Much of the confusion comes from a simultaneous idealization of the twentieth century4 and denigration of the sixteenth, a glorification of the sensibilities of modern critics, directors, and audiences coupled with a condemnation of the “medieval” insensitivity of the playwright. For example, Jonathan Miller, director of the 1980 BBC Shrew, says, “Shakespeare is extolling the virtues of the obedient wife … in accordance with the sixteenth-century belief that for the orderly running of society, some sort of sacrifice of personal freedom is necessary.” He defends his position with an attack, arguing that “If we wish to make all plays from the past conform to our ideals … we’re simply rewriting all plays and turning them into modern ones,” a practice he calls “historical suburbanism” (140).

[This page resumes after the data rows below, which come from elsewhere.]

lemma ln_one_plus_minus_frac_ge:
  fixes s \<eta> :: real
  assumes "0 \<le> s" and "exp (\<eta> + 1) - 1 \<le> s"
  shows "\<eta> \<le> ln (1 + s) - s / (1 + s)"
proof -
  have "\<eta> + 1 \<le> ln (1 + s)"
  proof -
    have "exp (\<eta> + 1) \<le> 1 + s"
      using assms(2) by simp
    then show ?thesis
      by (metis exp_gt_zero ln_exp ln_le_cancel_iff order_less_le_trans)
  qed
  moreover have "s / (1 + s) \<le> 1"
    using assms(1) by simp
  ultimately show ?thesis
    by linarith
qed

lemma log_gap_bounds:
  fixes \<alpha> r x \<eta> :: real
  assumes \<alpha>: "0 < \<alpha>" and r: "0 < r"
  shows "0 \<le> r * (ln (1 + \<alpha> * x\<^sup>2) - \<alpha> * x\<^sup>2 / (1 + \<alpha> * x\<^sup>2))"
    and "(exp (\<eta> + 1) - 1) / \<alpha> < x\<^sup>2 \<Longrightarrow> \<eta> * r \<le> r * (ln (1 + \<alpha> * x\<^sup>2) - \<alpha> * x\<^sup>2 / (1 + \<alpha> * x\<^sup>2))"
proof -
  show "0 \<le> r * (ln (1 + \<alpha> * x\<^sup>2) - \<alpha> * x\<^sup>2 / (1 + \<alpha> * x\<^sup>2))"
    using \<alpha> r frac_le_ln_one_plus[of "\<alpha> * x\<^sup>2"] by simp
  assume "(exp (\<eta> + 1) - 1) / \<alpha> < x\<^sup>2"
  then have "exp (\<eta> + 1) - 1 \<le> \<alpha> * x\<^sup>2"
    using \<alpha> by (simp add: divide_less_eq mult.commute)
  then have "\<eta> \<le> ln (1 + \<alpha> * x\<^sup>2) - \<alpha> * x\<^sup>2 / (1 + \<alpha> * x\<^sup>2)"
    using \<alpha> by (intro ln_one_plus_minus_frac_ge) auto
  then show "\<eta> * r \<le> r * (ln (1 + \<alpha> * x\<^sup>2) - \<alpha> * x\<^sup>2 / (1 + \<alpha> * x\<^sup>2))"
    using r by (simp add: mult.commute mult_left_mono)
qed

lemma set_integrable_real_bound:
  fixes f g :: "real \<Rightarrow> real"
  assumes "set_integrable lborel A f" and "g \<in> borel_measurable lborel" and "A \<in> sets lborel"
    and "\<And>x. x \<in> A \<Longrightarrow> \<bar>g x\<bar> \<le> f x"
  shows "set_integrable lborel A g"
proof (rule set_integrable_bound[OF assms(1)])
  show "set_borel_measurable lborel A g"
    unfolding set_borel_measurable_def using assms(2,3) by measurable
  show "AE x\<in>A in lborel. norm (g x) \<le> norm (f x)"
    using assms(4) by (auto intro!: AE_I2) (smt (verit) real_norm_def)
qed

lemma set_integral_nonneg:
  fixes f :: "'a \<Rightarrow> real"
  shows "(\<And>x. x \<in> A \<Longrightarrow> 0 \<le> f x) \<Longrightarrow> 0 \<le> (LINT x:A|M. f x)"
  unfolding set_lebesgue_integral_def
  by (auto intro!: Bochner_Integration.integral_nonneg simp: indicator_def)

lemma set_integrable_const_Ioo: "set_integrable lborel {a<..<b::real} (\<lambda>_. c :: real)"
proof -
  have "bounded {a<..<b}"
    by (rule bounded_subset[of "{a..b}"]) auto
  then have "emeasure lborel {a<..<b} < \<infinity>"
    by (rule emeasure_bounded_finite)
  then have "integrable lborel (indicat_real {a<..<b})"
    by (intro integrable_real_indicator) auto
  then show ?thesis
    unfolding set_integrable_def by simp
qed

lemma set_integral_const_Ioo: "a \<le> (b::real) \<Longrightarrow> (LINT x:{a<..<b}|lborel. c) = (b - a) * c"
  by (subst set_integral_const) (auto simp: emeasure_lborel_Ioo)

lemma set_integral_lincomb4:
  fixes f1 f2 f3 f4 :: "'a \<Rightarrow> real"
  assumes "set_integrable M A f1" "set_integrable M A f2" "set_integrable M A f3"
    "set_integrable M A f4"
  shows "(LINT x:A|M. f1 x + b * f2 x - c * f3 x + d * f4 x) =
    (LINT x:A|M. f1 x) + b * (LINT x:A|M. f2 x) - c * (LINT x:A|M. f3 x) + d * (LINT x:A|M. f4 x)"
  using assms by (simp add: set_integral_add set_integral_diff set_integrable_mult_right)

lemma square_le_set_integral_of_deriv:
  fixes \<phi> \<phi>' F :: "real \<Rightarrow> real"
  assumes deriv: "\<forall>y\<in>{0..R}. (\<phi> has_real_derivative \<phi>' y) (at y within {0..R})"
    and "\<phi> 0 = 0"
    and F: "set_integrable lborel {0<..<R} F"
    and le: "\<And>r. r \<in> {0<..<R} \<Longrightarrow> 2 * \<phi> r * \<phi>' r \<le> F r"
    and nonneg: "\<And>r. r \<in> {0<..<R} \<Longrightarrow> 0 \<le> F r"
    and x: "x \<in> {0<..<R}"
  shows "(\<phi> x)\<^sup>2 \<le> (LINT r:{0<..<R}|lborel. F r)"
proof -
  have "((\<lambda>r. 2 * \<phi> r * \<phi>' r) has_integral ((\<phi> x)\<^sup>2 - (\<phi> 0)\<^sup>2)) {0..x}"
  proof (rule fundamental_theorem_of_calculus)
    fix y assume "y \<in> {0..x}"
    then have "(\<phi> has_real_derivative \<phi>' y) (at y within {0..x})"
      using x by (intro DERIV_subset[OF deriv[rule_format]]) auto
    from DERIV_mult[OF this this]
    show "((\<lambda>r. (\<phi> r)\<^sup>2) has_vector_derivative (2 * \<phi> y * \<phi>' y)) (at y within {0..x})"
      by (simp add: has_real_derivative_iff_has_vector_derivative power2_eq_square algebra_simps)
  qed (use x in simp)
  then have FTC: "((\<lambda>r. 2 * \<phi> r * \<phi>' r) has_integral (\<phi> x)\<^sup>2) {0<..<x}"
    using \<open>\<phi> 0 = 0\<close> by (simp add: has_integral_Icc_iff_Ioo)
  have Fx: "F integrable_on {0<..<x}"
    using x by (intro set_borel_integral_eq_integral(1) set_integrable_subset[OF F]) auto
  have "(\<phi> x)\<^sup>2 \<le> integral {0<..<x} F"
    using FTC Fx le x by (intro has_integral_le[OF FTC integrable_integral[OF Fx]]) auto
  also have "\<dots> \<le> integral {0<..<R} F"
    using Fx set_borel_integral_eq_integral(1)[OF F] nonneg x by (intro integral_subset_le) auto
  also have "\<dots> = (LINT r:{0<..<R}|lborel. F r)"
    using set_borel_integral_eq_integral(2)[OF F] by simp
  finally show ?thesis .
qed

However, he is himself engaging in a procedure which might be called historical blurring, allowing certain historical trends to obscure individuals and their divergent opinions.5 No period can be correctly characterized as homogeneous, certainly not a time as tendentious as the Renaissance. To maintain that women’s rights were not hotly debated by Shakespeare and his contemporaries is ignorance coupled with arrogance, and to fit the creator of Portia, Rosalind, and Viola into the company of male supremacists requires an adept mental contortionist.6 One need look no further than John Fletcher’s epilogue to The Tamer Tamed for a flat contradiction of Jonathan Miller’s implied Renaissance world picture. In the epilogue, Fletcher claims his play is “meant/ To teach both Sexes due equality; And as they stand bound, to love mutually” (148).

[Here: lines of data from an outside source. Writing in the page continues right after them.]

lemma alpha_ne_p:
  assumes t: "t \<in> I"
  shows "\<alpha> t \<noteq> p"
proof
  assume "\<alpha> t = p"
  moreover have "mink (\<alpha> t) (\<gamma> t) = sin (\<eta> t)"
    using S12_frame_mink[OF frame[OF t]] by (simp add: \<alpha>_def mink_linear)
  ultimately show False
    using S12_frame_mink(2)[OF frame[OF t]] sin_eta_nonzero[OF t] by simp
qed

end

theorem theorem3p5:
  fixes p :: "real^4" and \<gamma> \<gamma>1 \<gamma>2 \<gamma>3 :: "real \<Rightarrow> real^4"
    and \<eta> \<eta>1 \<eta>2 \<eta>3 :: "real \<Rightarrow> real" and I :: "real set"
    and \<alpha> :: "real \<Rightarrow> real^4"
  assumes I: "open I" "is_interval I" "I \<noteq> {}"
    and p: "mink p p = 1"
    and d\<gamma>: "\<And>t. t \<in> I \<Longrightarrow> (\<gamma> has_vector_derivative \<gamma>1 t) (at t)"
              "\<And>t. t \<in> I \<Longrightarrow> (\<gamma>1 has_vector_derivative \<gamma>2 t) (at t)"
              "\<And>t. t \<in> I \<Longrightarrow> (\<gamma>2 has_vector_derivative \<gamma>3 t) (at t)"
    and \<gamma>_S12: "\<And>t. t \<in> I \<Longrightarrow> mink (\<gamma> t) p = 0 \<and> mink (\<gamma> t) (\<gamma> t) = 1"
    and \<gamma>_timelike_unit: "\<And>t. t \<in> I \<Longrightarrow> mink (\<gamma>1 t) (\<gamma>1 t) = -1"
    and d\<eta>: "\<And>t. t \<in> I \<Longrightarrow> (\<eta> has_real_derivative \<eta>1 t) (at t)"
              "\<And>t. t \<in> I \<Longrightarrow> (\<eta>1 has_real_derivative \<eta>2 t) (at t)"
              "\<And>t. t \<in> I \<Longrightarrow> (\<eta>2 has_real_derivative \<eta>3 t) (at t)"
    and \<eta>_nonzero: "\<And>t. t \<in> I \<Longrightarrow> \<eta> t \<noteq> 0"
    and \<alpha>_def: "\<alpha> = (\<lambda>t. cos (\<eta> t) *\<^sub>R p + sin (\<eta> t) *\<^sub>R \<gamma> t)"
    and \<alpha>_timelike: "\<And>t. t \<in> I \<Longrightarrow> mink (vd \<alpha> t) (vd \<alpha> t) < 0"
    and non_geodesic: "\<And>t. t \<in> I \<Longrightarrow> kappa_g \<alpha> t > 0"
    and non_planar: "\<And>t. t \<in> I \<Longrightarrow> tau_g \<alpha> t \<noteq> 0"
  shows "(\<forall>t\<in>I. (kappa_gamma p \<gamma> t)\<^sup>2
                   \<le> mnorm (vd \<alpha> t) ^ 4 * (kappa_g \<alpha> t)\<^sup>2 / (sin (\<eta> t))\<^sup>2)
       \<and> ((\<forall>t\<in>I. (kappa_gamma p \<gamma> t)\<^sup>2
                   = mnorm (vd \<alpha> t) ^ 4 * (kappa_g \<alpha> t)\<^sup>2 / (sin (\<eta> t))\<^sup>2)
          \<longleftrightarrow> rectifying p \<alpha> I)"
proof -
  interpret exp_curve p \<gamma> \<gamma>1 \<gamma>2 I \<eta> \<eta>1 \<eta>2 \<alpha>
    by (unfold_locales; use I(1) p d\<gamma>(1,2) \<gamma>_S12 \<gamma>_timelike_unit d\<eta>(1,2) \<alpha>_def \<alpha>_timelike in blast)
  have "(kappa_gamma p \<gamma> t)\<^sup>2 \<le> mnorm (vd \<alpha> t) ^ 4 * (kappa_g \<alpha> t)\<^sup>2 / (sin (\<eta> t))\<^sup>2
      \<and> ((kappa_gamma p \<gamma> t)\<^sup>2 = mnorm (vd \<alpha> t) ^ 4 * (kappa_g \<alpha> t)\<^sup>2 / (sin (\<eta> t))\<^sup>2
          \<longleftrightarrow> mink (p - mink p (\<alpha> t) *\<^sub>R \<alpha> t) (N_alpha \<alpha> t) = 0)" if t: "t \<in> I" for t
  proof -
    obtain c where "mnorm (vd \<alpha> t) ^ 4 * (kappa_g \<alpha> t)\<^sup>2 / (sin (\<eta> t))\<^sup>2 = (kappa_gamma p \<gamma> t)\<^sup>2 + c\<^sup>2"
      and "mink (p - mink p (\<alpha> t) *\<^sub>R \<alpha> t) (N_alpha \<alpha> t) = 0 \<longleftrightarrow> c = 0"
      using curvature_defect[OF t non_geodesic[OF t]] .
    then show ?thesis
      by simp
  qed
  then show ?thesis
    using alpha_ne_p unfolding rectifying_def by blast
qed

end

Those critics who acquit Shakespeare of male chauvinism often accuse him of bad craftsmanship. Thus H. J. Oliver writes in his introduction to the Oxford edition of the play, “In The Taming of the Shrew he Shakespeare was dramatizing material from unrealistic literature that was perfectly acceptable on the level of the Punch and Judy show but ran the risk of embarrassing as soon as it rose above that level” (51). He has previously said, “We sympathize with Katherine–and as soon as we do, farce becomes impossible” (51). But rather than assuming that Shrew should therefore be played as comedy and not farce, Oliver decides that Shakespeare has been led astray by his low comedy source.
Directors of stage and film versions of the play must also participate in this long-running and complex controversy, choosing sides and making critical judgements as they make their artistic choices. If the five film versions of the play which are currently available are not likely to give a definitive answer, they certainly provide a representative sample, a set of performance texts with which to explore Shakespeare’s blueprint. They include a “live” television production with Charlton Heston, a full-scale movie version directed by Franco Zeffirelli, a filmed stage production from the 1982 Stratford, Ontario Shakespeare Festival, the BBC’s television studio version made for the thirty-seven play Canon in the Can, and, finally, Bard’s made-for-videocassette version filmed on a replica Shakespearean stage without the audience.
Those directors who see the play as a man’s violent domination of a woman have manipulated the text in two main ways. One is to foreground the violence a la Charles Marowitz, who declares that “The modern technique of brainwashing is, almost to the letter, what Petruchio makes Katherine undergo” (18). Keith Digby’s 1980 Stratford, Ontario, production, for instance, characterized Petruchio’s ministrations as “brutality in a concerted application to destroy Kate’s individuality through her total subjugation” (Loudon 678).7
Another and more “popular means of not dealing directly with the main story has been” as Tice L. Miller writes, “to mock it by turning the production into knockabout farce” (662). This was the strategy of the 1991 Utah Shakespearean Festival production, a strategy which, as usual, pleased most audience members while infuriating those who felt that Kate or Shakespeare or both had been violated.8 Nancy Mellich wrote in her Salt Lake Tribune review, “As interpreted by director Kathleen Conlin, Petruchio is a muscle-flexing bully, Kate a groveling, shrieking victim, and poor Will Shakespeare a male chauvinist…. What a pity, because that is a grave disservice to these witty, feisty, intelligent and immensely appealing characters.”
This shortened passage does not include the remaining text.